Whatever appears in the records should be given again exactly, down to the last mark.
[Opening EXERCISE INPUTS section]
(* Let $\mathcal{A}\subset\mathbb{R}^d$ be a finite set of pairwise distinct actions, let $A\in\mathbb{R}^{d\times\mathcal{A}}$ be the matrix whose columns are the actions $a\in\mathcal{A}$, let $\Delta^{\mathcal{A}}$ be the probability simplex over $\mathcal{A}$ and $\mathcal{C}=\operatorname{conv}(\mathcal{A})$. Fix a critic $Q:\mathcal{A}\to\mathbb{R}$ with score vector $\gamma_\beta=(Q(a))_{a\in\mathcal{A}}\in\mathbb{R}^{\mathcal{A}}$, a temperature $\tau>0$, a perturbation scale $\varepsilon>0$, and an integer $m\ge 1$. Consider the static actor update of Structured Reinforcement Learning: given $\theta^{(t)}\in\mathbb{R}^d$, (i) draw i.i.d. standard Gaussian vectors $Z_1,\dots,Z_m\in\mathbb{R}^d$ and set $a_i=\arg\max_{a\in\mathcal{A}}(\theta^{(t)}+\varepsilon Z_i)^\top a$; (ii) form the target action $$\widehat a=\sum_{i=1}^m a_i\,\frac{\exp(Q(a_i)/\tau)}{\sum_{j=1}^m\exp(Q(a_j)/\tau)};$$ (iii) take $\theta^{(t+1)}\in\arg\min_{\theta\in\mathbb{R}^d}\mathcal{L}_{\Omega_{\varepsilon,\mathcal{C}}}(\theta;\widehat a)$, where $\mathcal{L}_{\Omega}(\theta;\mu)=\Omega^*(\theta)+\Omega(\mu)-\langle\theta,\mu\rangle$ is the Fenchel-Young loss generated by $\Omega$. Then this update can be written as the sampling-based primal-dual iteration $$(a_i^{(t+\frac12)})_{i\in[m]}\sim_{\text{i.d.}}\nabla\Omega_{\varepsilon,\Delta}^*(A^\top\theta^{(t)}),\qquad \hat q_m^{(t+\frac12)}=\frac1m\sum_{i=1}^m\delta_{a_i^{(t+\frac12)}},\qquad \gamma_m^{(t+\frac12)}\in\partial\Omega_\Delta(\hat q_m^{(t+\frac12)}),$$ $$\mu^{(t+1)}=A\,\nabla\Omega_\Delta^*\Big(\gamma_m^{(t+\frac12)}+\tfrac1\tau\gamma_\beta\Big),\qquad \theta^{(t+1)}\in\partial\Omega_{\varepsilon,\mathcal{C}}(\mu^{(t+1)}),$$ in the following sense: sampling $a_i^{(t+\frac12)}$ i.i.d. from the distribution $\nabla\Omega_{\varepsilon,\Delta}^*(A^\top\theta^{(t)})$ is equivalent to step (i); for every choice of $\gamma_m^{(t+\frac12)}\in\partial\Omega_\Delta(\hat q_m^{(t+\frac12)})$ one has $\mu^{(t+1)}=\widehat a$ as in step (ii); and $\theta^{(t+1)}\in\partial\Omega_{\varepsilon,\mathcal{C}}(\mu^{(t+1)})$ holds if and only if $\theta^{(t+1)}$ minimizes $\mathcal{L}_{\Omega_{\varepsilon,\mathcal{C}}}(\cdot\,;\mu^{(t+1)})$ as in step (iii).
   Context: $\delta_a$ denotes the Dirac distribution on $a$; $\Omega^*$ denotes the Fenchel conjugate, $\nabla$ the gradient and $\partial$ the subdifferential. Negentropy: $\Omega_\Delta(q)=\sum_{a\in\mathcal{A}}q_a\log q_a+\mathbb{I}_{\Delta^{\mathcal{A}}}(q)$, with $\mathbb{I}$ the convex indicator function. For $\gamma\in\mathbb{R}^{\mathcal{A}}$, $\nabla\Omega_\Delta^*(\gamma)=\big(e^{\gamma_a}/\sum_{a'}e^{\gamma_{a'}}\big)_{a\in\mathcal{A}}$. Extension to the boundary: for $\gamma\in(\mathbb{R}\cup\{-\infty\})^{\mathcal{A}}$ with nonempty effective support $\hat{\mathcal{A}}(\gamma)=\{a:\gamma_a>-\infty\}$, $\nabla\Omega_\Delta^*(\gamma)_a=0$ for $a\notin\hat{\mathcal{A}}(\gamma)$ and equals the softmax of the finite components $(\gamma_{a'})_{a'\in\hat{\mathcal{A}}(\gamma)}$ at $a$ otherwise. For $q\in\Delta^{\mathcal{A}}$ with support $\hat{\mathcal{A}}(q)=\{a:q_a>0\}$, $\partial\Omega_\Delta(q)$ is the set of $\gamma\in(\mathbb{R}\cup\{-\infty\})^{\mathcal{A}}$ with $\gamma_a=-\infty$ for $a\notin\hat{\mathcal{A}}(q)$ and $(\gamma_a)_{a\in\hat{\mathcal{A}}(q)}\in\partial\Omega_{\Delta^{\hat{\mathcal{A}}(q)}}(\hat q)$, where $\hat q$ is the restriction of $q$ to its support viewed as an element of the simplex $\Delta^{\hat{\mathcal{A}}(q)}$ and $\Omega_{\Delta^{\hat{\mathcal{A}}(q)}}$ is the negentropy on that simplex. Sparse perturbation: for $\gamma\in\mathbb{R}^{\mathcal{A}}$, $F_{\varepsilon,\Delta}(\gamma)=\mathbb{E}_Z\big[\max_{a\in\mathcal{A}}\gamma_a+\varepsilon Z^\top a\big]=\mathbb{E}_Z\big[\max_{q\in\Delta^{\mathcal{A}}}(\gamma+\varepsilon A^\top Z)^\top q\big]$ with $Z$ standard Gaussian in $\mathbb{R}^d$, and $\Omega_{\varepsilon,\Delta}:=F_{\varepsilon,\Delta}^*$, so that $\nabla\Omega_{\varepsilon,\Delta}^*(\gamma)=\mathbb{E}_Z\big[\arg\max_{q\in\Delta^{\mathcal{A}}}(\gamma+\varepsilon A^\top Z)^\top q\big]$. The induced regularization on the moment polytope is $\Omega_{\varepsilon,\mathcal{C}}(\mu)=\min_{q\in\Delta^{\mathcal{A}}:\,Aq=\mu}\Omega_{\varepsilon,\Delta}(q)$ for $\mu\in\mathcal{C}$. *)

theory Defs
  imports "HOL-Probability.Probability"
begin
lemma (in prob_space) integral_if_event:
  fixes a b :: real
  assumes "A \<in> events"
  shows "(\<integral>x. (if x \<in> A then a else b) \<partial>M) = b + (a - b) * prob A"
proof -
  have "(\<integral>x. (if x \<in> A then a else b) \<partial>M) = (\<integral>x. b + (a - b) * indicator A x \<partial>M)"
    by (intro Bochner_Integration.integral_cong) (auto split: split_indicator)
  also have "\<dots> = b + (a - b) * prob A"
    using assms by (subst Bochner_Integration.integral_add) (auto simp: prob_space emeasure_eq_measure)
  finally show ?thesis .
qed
[Closing EXERCISE INPUTS section]
- _COMPLETED EXERCISE_
(* Let $\mathcal{A}\subset\mathbb{R}^d$ be a finite set of pairwise distinct actions, let $A\in\mathbb{R}^{d\times\mathcal{A}}$ be the matrix whose columns are the actions $a\in\mathcal{A}$, let $\Delta^{\mathcal{A}}$ be the probability simplex over $\mathcal{A}$ and $\mathcal{C}=\operatorname{conv}(\mathcal{A})$. Fix a critic $Q:\mathcal{A}\to\mathbb{R}$ with score vector $\gamma_\beta=(Q(a))_{a\in\mathcal{A}}\in\mathbb{R}^{\mathcal{A}}$, a temperature $\tau>0$, a perturbation scale $\varepsilon>0$, and an integer $m\ge 1$. Consider the static actor update of Structured Reinforcement Learning: given $\theta^{(t)}\in\mathbb{R}^d$, (i) draw i.i.d. standard Gaussian vectors $Z_1,\dots,Z_m\in\mathbb{R}^d$ and set $a_i=\arg\max_{a\in\mathcal{A}}(\theta^{(t)}+\varepsilon Z_i)^\top a$; (ii) form the target action $$\widehat a=\sum_{i=1}^m a_i\,\frac{\exp(Q(a_i)/\tau)}{\sum_{j=1}^m\exp(Q(a_j)/\tau)};$$ (iii) take $\theta^{(t+1)}\in\arg\min_{\theta\in\mathbb{R}^d}\mathcal{L}_{\Omega_{\varepsilon,\mathcal{C}}}(\theta;\widehat a)$, where $\mathcal{L}_{\Omega}(\theta;\mu)=\Omega^*(\theta)+\Omega(\mu)-\langle\theta,\mu\rangle$ is the Fenchel-Young loss generated by $\Omega$. Then this update can be written as the sampling-based primal-dual iteration $$(a_i^{(t+\frac12)})_{i\in[m]}\sim_{\text{i.d.}}\nabla\Omega_{\varepsilon,\Delta}^*(A^\top\theta^{(t)}),\qquad \hat q_m^{(t+\frac12)}=\frac1m\sum_{i=1}^m\delta_{a_i^{(t+\frac12)}},\qquad \gamma_m^{(t+\frac12)}\in\partial\Omega_\Delta(\hat q_m^{(t+\frac12)}),$$ $$\mu^{(t+1)}=A\,\nabla\Omega_\Delta^*\Big(\gamma_m^{(t+\frac12)}+\tfrac1\tau\gamma_\beta\Big),\qquad \theta^{(t+1)}\in\partial\Omega_{\varepsilon,\mathcal{C}}(\mu^{(t+1)}),$$ in the following sense: sampling $a_i^{(t+\frac12)}$ i.i.d. from the distribution $\nabla\Omega_{\varepsilon,\Delta}^*(A^\top\theta^{(t)})$ is equivalent to step (i); for every choice of $\gamma_m^{(t+\frac12)}\in\partial\Omega_\Delta(\hat q_m^{(t+\frac12)})$ one has $\mu^{(t+1)}=\widehat a$ as in step (ii); and $\theta^{(t+1)}\in\partial\Omega_{\varepsilon,\mathcal{C}}(\mu^{(t+1)})$ holds if and only if $\theta^{(t+1)}$ minimizes $\mathcal{L}_{\Omega_{\varepsilon,\mathcal{C}}}(\cdot\,;\mu^{(t+1)})$ as in step (iii).
   Context: $\delta_a$ denotes the Dirac distribution on $a$; $\Omega^*$ denotes the Fenchel conjugate, $\nabla$ the gradient and $\partial$ the subdifferential. Negentropy: $\Omega_\Delta(q)=\sum_{a\in\mathcal{A}}q_a\log q_a+\mathbb{I}_{\Delta^{\mathcal{A}}}(q)$, with $\mathbb{I}$ the convex indicator function. For $\gamma\in\mathbb{R}^{\mathcal{A}}$, $\nabla\Omega_\Delta^*(\gamma)=\big(e^{\gamma_a}/\sum_{a'}e^{\gamma_{a'}}\big)_{a\in\mathcal{A}}$. Extension to the boundary: for $\gamma\in(\mathbb{R}\cup\{-\infty\})^{\mathcal{A}}$ with nonempty effective support $\hat{\mathcal{A}}(\gamma)=\{a:\gamma_a>-\infty\}$, $\nabla\Omega_\Delta^*(\gamma)_a=0$ for $a\notin\hat{\mathcal{A}}(\gamma)$ and equals the softmax of the finite components $(\gamma_{a'})_{a'\in\hat{\mathcal{A}}(\gamma)}$ at $a$ otherwise. For $q\in\Delta^{\mathcal{A}}$ with support $\hat{\mathcal{A}}(q)=\{a:q_a>0\}$, $\partial\Omega_\Delta(q)$ is the set of $\gamma\in(\mathbb{R}\cup\{-\infty\})^{\mathcal{A}}$ with $\gamma_a=-\infty$ for $a\notin\hat{\mathcal{A}}(q)$ and $(\gamma_a)_{a\in\hat{\mathcal{A}}(q)}\in\partial\Omega_{\Delta^{\hat{\mathcal{A}}(q)}}(\hat q)$, where $\hat q$ is the restriction of $q$ to its support viewed as an element of the simplex $\Delta^{\hat{\mathcal{A}}(q)}$ and $\Omega_{\Delta^{\hat{\mathcal{A}}(q)}}$ is the negentropy on that simplex. Sparse perturbation: for $\gamma\in\mathbb{R}^{\mathcal{A}}$, $F_{\varepsilon,\Delta}(\gamma)=\mathbb{E}_Z\big[\max_{a\in\mathcal{A}}\gamma_a+\varepsilon Z^\top a\big]=\mathbb{E}_Z\big[\max_{q\in\Delta^{\mathcal{A}}}(\gamma+\varepsilon A^\top Z)^\top q\big]$ with $Z$ standard Gaussian in $\mathbb{R}^d$, and $\Omega_{\varepsilon,\Delta}:=F_{\varepsilon,\Delta}^*$, so that $\nabla\Omega_{\varepsilon,\Delta}^*(\gamma)=\mathbb{E}_Z\big[\arg\max_{q\in\Delta^{\mathcal{A}}}(\gamma+\varepsilon A^\top Z)^\top q\big]$. The induced regularization on the moment polytope is $\Omega_{\varepsilon,\mathcal{C}}(\mu)=\min_{q\in\Delta^{\mathcal{A}}:\,Aq=\mu}\Omega_{\varepsilon,\Delta}(q)$ for $\mu\in\mathcal{C}$. *)

theory Defs
  imports "HOL-Probability.Probability"
begin
lemma (in prob_space) integral_if_event:
  fixes a b :: real
  assumes "A \<in> events"
  shows "(\<integral>x. (if x \<in> A then a else b) \<partial>M) = b + (a - b) * prob A"
proof -
  have "(\<integral>x. (if x \<in> A then a else b) \<partial>M) = (\<integral>x. b + (a - b) * indicator A x \<partial>M)"
    by (intro Bochner_Integration.integral_cong) (auto split: split_indicator)
  also have "\<dots> = b + (a - b) * prob A"
    using assms by (subst Bochner_Integration.integral_add) (auto simp: prob_space emeasure_eq_measure)
  finally show ?thesis .
qed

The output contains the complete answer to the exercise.